As I was not reaching any results with the Pyramids and following Kane’s advice, I decided to attempt a group bar chart, though I didn’t reached the desired result, I could not unstack the bars.

GRUP BAR CHART

library(dplyr)
library(ggplot2)
#population <- read.csv("population.tsv", sep = "\t")


population4 <- population %>% mutate(age = factor(age, ordered = TRUE,
                        levels = c(0, 5, 10, 15, 20, 25, 30, 35, 40, 45, 50, 55, 60, 65, 70, 75, 80, 85, 90), labels = c("0-4", "5-9", "10-14", "15-19", "20-24",
                                   "25-29", "30-34", "35-39", "40-44", 
                                   "45-49", "50-54", "55-59", "60-64",
                                   "65-69", "70-74", "75-79", "80-84",
                                   "85-89", "90")))

population4 <- population %>% filter(year %in% c(1850, 1900, 1950,1970, 1990, 2000))
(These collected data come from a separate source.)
lemma Lmat_addrow_mat_in_BLminus:
  assumes "q < p" "p < n" "p mod d = q mod d"
  shows "Lmat d (addrow_mat n c p q) \<in> BLminus n d"
proof -
  have "Lmat d (addrow_mat n c p q) \<in> root_subgroup n p q ((int p - int q) div int d)"
    using assms by (simp add: root_subgroup_eq_Lmat)
  moreover have "root_subgroup n p q ((int p - int q) div int d) \<in> {root_subgroup n i j ((int i - int j) div int d)
      | i j. i < n \<and> j < n \<and> i > j \<and> i mod d = j mod d}"
    using assms less_trans[OF assms(1,2)] by blast
  ultimately show ?thesis
    unfolding BLminus_def by (blast intro: gen_subgroup.gen)
qed

lemma addrow_mat_clear_entry:
  fixes A :: "'a::field mat"
  assumes A: "A \<in> carrier_mat n n" and low: "lower_triangular A"
    and pq: "p0 < n" "q0 < p0" and piv: "A $$ (q0, q0) \<noteq> 0"
    and row_q0: "\<And>q. q < q0 \<Longrightarrow> A $$ (q0, q) = 0"
  shows "addrow_mat n (- (A $$ (p0, q0) / A $$ (q0, q0))) p0 q0 * A =
    mat n n (\<lambda>(p, q). if (p, q) = (p0, q0) then 0 else A $$ (p, q))"
    (is "addrow_mat n ?c p0 q0 * A = ?A'")
proof -
  have "A $$ (q0, q) = 0" if "q < n" "q \<noteq> q0" for q
    using row_q0 low A pq that by (cases "q < q0") (auto simp: lower_triangular_def)
  then have "addrow ?c p0 q0 A = ?A'"
    using A pq piv by (intro eq_matI) auto
  then show ?thesis using addrow_mat[OF A, of q0 ?c p0] pq by simp
qed

lemma Lmat_diagonal_in_torus:
  assumes A: "A \<in> carrier_mat n n" and diag: "\<And>p. p < n \<Longrightarrow> A $$ (p, p) \<noteq> 0"
    and off_diag: "\<And>p q. p < n \<Longrightarrow> q < n \<Longrightarrow> p \<noteq> q \<Longrightarrow> A $$ (p, q) = 0"
  shows "Lmat d A \<in> torus n"
proof -
  have "Lmat d A = mat n n (\<lambda>(p, q). if p = q then fls_const (A $$ (p, p)) else 0)"
    by (rule eq_matI) (use A off_diag in auto)
  then show ?thesis
    unfolding torus_def using diag by (intro CollectI exI[of _ "\<lambda>p. A $$ (p, p)"]) auto
qed

lemma Lcoeffs_clear_entry:
  assumes A: "A \<in> Lcoeffs n d" "lower_triangular A"
    and pq: "p0 < n" "q0 < p0" and nz: "A $$ (p0, q0) \<noteq> 0"
    and row_q0: "\<And>q. q < q0 \<Longrightarrow> A $$ (q0, q) = 0"
  defines "A' \<equiv> mat n n (\<lambda>(p, q). if (p, q) = (p0, q0) then 0 else A $$ (p, q))"
  shows "A' \<in> Lcoeffs n d" and "lower_triangular A'" and "\<exists>c. A = addrow_mat n c p0 q0 * A'"
proof -
  have Ac: "A \<in> carrier_mat n n" "mod_pattern d A" "det A \<noteq> 0" using A(1) by (auto simp: Lcoeffs_def)
  have piv: "A $$ (q0, q0) \<noteq> 0" using lower_triangular_diag_nonzero[OF Ac(1) A(2) Ac(3)] pq by simp
  have mod0: "p0 mod d = q0 mod d" using mod_patternD[OF Ac(2,1)] pq nz by simp
  define c where "c = A $$ (p0, q0) / A $$ (q0, q0)"
  have A'_eq: "A' = addrow_mat n (- c) p0 q0 * A"
    unfolding A'_def c_def using addrow_mat_clear_entry[OF Ac(1) A(2) pq piv row_q0] by simp
  show "A' \<in> Lcoeffs n d"
    unfolding A'_eq using addrow_mat_Lcoeffs[of p0 q0 d n "- c"] pq mod0 A(1) by (intro Lcoeffs_mult) auto
  show "lower_triangular A'"
    using A(2) Ac(1) unfolding A'_def lower_triangular_def by auto
  have "A = addrow_mat n c p0 q0 * A'"
    unfolding A'_eq using Ac(1) pq by (simp add: assoc_mult_mat[of _ n n _ n _ n, symmetric] addrow_mat_inv)
  then show "\<exists>c. A = addrow_mat n c p0 q0 * A'" ..
qed

lemma lower_triangular_Lcoeffs_in_BLminus:
  assumes "A \<in> Lcoeffs n d" and "lower_triangular A"
  shows "Lmat d A \<in> BLminus n d"
  using assms
proof (induction "card {(p, q). p < n \<and> q < p \<and> A $$ (p, q) \<noteq> 0}" arbitrary: A rule: less_induct)
  case less
  define S where "S = {(p, q). p < n \<and> q < p \<and> A $$ (p, q) \<noteq> 0}"
  have A: "A \<in> carrier_mat n n" "det A \<noteq> 0" using less.prems by (auto simp: Lcoeffs_def)
  show ?case
  proof (cases "S = {}")
    case True
    have "A $$ (p, q) = 0" if "p < n" "q < n" "p \<noteq> q" for p q
      using True less.prems(2) A(1) that unfolding S_def lower_triangular_def by (cases "p < q") auto
    then have "Lmat d A \<in> torus n"
      using lower_triangular_diag_nonzero[OF A(1) less.prems(2) A(2)] by (intro Lmat_diagonal_in_torus A(1))
    then show ?thesis using torus_subset_BLminus by blast
  next
    case False
    \<comment> \<open>clear an entry in the leftmost column of S: row q0 then has nothing left of the diagonal\<close>
    then obtain s where "s \<in> S" by blast
    then obtain p0 q0 where s0: "(p0, q0) \<in> S" and least: "\<And>p q. (p, q) \<in> S \<Longrightarrow> q0 \<le> q"
      using ex_has_least_nat[of "\<lambda>s. s \<in> S" s snd] by auto
    have pq0: "p0 < n" "q0 < p0" "A $$ (p0, q0) \<noteq> 0" using s0 by (auto simp: S_def)
    have row_q0: "A $$ (q0, q) = 0" if "q < q0" for q
      using least[of q0 q] that pq0 by (force simp: S_def)
    define A' where "A' = mat n n (\<lambda>(p, q). if (p, q) = (p0, q0) then 0 else A $$ (p, q))"
    obtain c where A'_Lcoeffs: "A' \<in> Lcoeffs n d" and A'_low: "lower_triangular A'"
      and A_eq: "A = addrow_mat n c p0 q0 * A'"
      using Lcoeffs_clear_entry[OF less.prems pq0 row_q0] unfolding A'_def by blast
    have "{(p, q). p < n \<and> q < p \<and> A' $$ (p, q) \<noteq> 0} = S - {(p0, q0)}"
      unfolding A'_def S_def by (auto split: if_splits)
    moreover have "finite S" unfolding S_def
      by (rule finite_subset[of _ "{..<n} \<times> {..<n}"]) auto
    ultimately have "card {(p, q). p < n \<and> q < p \<and> A' $$ (p, q) \<noteq> 0} < card S"
      using s0 by (metis card_Diff1_less)
    then have A'_BL: "Lmat d A' \<in> BLminus n d"
      using less.hyps A'_Lcoeffs A'_low unfolding S_def by blast
    have "p0 mod d = q0 mod d" using mod_patternD[of d A n] less.prems(1) pq0 by (auto simp: Lcoeffs_def)
    then have "Lmat d (addrow_mat n c p0 q0) \<in> BLminus n d"
      using Lmat_addrow_mat_in_BLminus pq0 by blast
    moreover have "A' \<in> carrier_mat n n" using A'_Lcoeffs Lcoeffs_carrier by blast
    then have "Lmat d A = Lmat d (addrow_mat n c p0 q0) * Lmat d A'"
      unfolding A_eq by (rule Lmat_mult[OF addrow_mat_carrier])
    ultimately show ?thesis using BLminus_mult A'_BL by simp
  qed
qed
p3 <-  ggplot(population4, aes(x = age, y=popm, fill=gender))
p3 + geom_bar(position="dodge", stat="identity") +  
  geom_col(aes(fill=gender, position = "dodge"))+
  facet_wrap(~year, ncol = 2)+
labs(title = "U.S. Population Pyramids",
   subtitle = "Snapshot of the evolution 1850-2000",
   caption = "Data: Mike Bostock at bl.ocks.org (2020)")+
  scale_color_manual(name = "", values = c("M" = "#3E606F", "F" = "#8C3F4D"),
                 labels = c("Male", "Female"))+
  scale_y_continuous(breaks = c( 1, 2, 3, 4, 5, 6, 7, 8, 9, 10, 11, 12),
                 labels = c("1", "2", "3", "4", "5", "6", "7", "8", "9", "10", "11", "12"))

Data Reference

Reconstruction

The following plot fixes the main issues in the original.
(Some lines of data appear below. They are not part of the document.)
lemma pf_cplx_alg_iff: "q \<in> pf (cplx_alg X) \<longleftrightarrow> q \<subseteq> adm X \<and> pts X \<in> q \<and> {} \<notin> q \<and>
     (\<forall>a\<in>q. \<forall>b\<in>adm X. a \<subseteq> b \<longrightarrow> b \<in> q) \<and> (\<forall>a\<in>q. \<forall>b\<in>q. a \<inter> b \<in> q) \<and>
     (\<forall>a\<in>adm X. \<forall>b\<in>adm X. a \<union> b \<in> q \<longrightarrow> a \<in> q \<or> b \<in> q)"
  unfolding pf_def prime_filter_def cplx_alg_simps hle_cplx_alg by simp

lemma pf_cplx_algD:
  assumes "q \<in> pf (cplx_alg X)"
  shows "q \<subseteq> adm X" "pts X \<in> q" "{} \<notin> q"
    "\<And>a b. a \<in> q \<Longrightarrow> b \<in> adm X \<Longrightarrow> a \<subseteq> b \<Longrightarrow> b \<in> q"
    "\<And>a b. a \<in> q \<Longrightarrow> b \<in> q \<Longrightarrow> a \<inter> b \<in> q"
    "\<And>a b. a \<in> adm X \<Longrightarrow> b \<in> adm X \<Longrightarrow> a \<union> b \<in> q \<Longrightarrow> a \<in> q \<or> b \<in> q"
  using assms unfolding pf_cplx_alg_iff by simp_all

lemma epsilon_pf: "x \<in> pts X \<Longrightarrow> epsilon X x \<in> pf (cplx_alg X)"
  unfolding pf_cplx_alg_iff epsilon_def using adm_pts adm_empty adm_Int by auto

lemma fle_iff_epsilon:
  assumes "x \<in> pts X" "y \<in> pts X"
  shows "fle X x y \<longleftrightarrow> epsilon X x \<subseteq> epsilon X y"
proof
  assume "fle X x y"
  then show "epsilon X x \<subseteq> epsilon X y"
    unfolding epsilon_def using adm_up by blast
next
  assume "epsilon X x \<subseteq> epsilon X y"
  then show "fle X x y"
    using fle_refined[OF assms] unfolding epsilon_def by blast
qed

lemma fsq_iff_epsilon:
  assumes x: "x \<in> pts X" and y: "y \<in> pts X"
  shows "fsq X x y \<longleftrightarrow> pf_sq (cplx_alg X) (epsilon X x) (epsilon X y)"
proof -
  have "fsq X x y \<longleftrightarrow>
      (\<forall>a\<in>adm X. \<forall>b\<in>adm X. flew X a b \<in> epsilon X x \<and> a \<in> epsilon X y \<longrightarrow> b \<in> epsilon X y)"
  proof
    assume "fsq X x y"
    then show "\<forall>a\<in>adm X. \<forall>b\<in>adm X. flew X a b \<in> epsilon X x \<and> a \<in> epsilon X y \<longrightarrow> b \<in> epsilon X y"
      using y unfolding epsilon_def flew_def by blast
  next
    assume "\<forall>a\<in>adm X. \<forall>b\<in>adm X. flew X a b \<in> epsilon X x \<and> a \<in> epsilon X y \<longrightarrow> b \<in> epsilon X y"
    then show "fsq X x y"
      using fsq_refined[OF x y] adm_flew unfolding epsilon_def by blast
  qed
  then show ?thesis
    unfolding pf_sq_def cplx_alg_simps using epsilon_pf x y by simp
qed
Ideally, if my R coding skills were to a different standard, it would be desirable to display two parallel y-axis: -one with a standard population pyramid on the left, with sufficient definition to gain an understanding of the population values (scaled tick marks to best fit), and -on the right, an axis showcasing the percentage difference between genders, colour coded as if it was a stock price along time line chart. With a shared x-axis displaying population in millions and % diff

To solve the ability to compare between decades, a multi faceted approach could be the solution, although the amount of space required should be taken into consideration, there could be 15 visualisations after all, so perhaps a focusing in certain periods of time could help.

To solve the colour blindness issue, and to still utilise the intuitive colour correlation, which the majority of the population performs when they see Pink and Blue, adequate labeling is required in both vertical axis.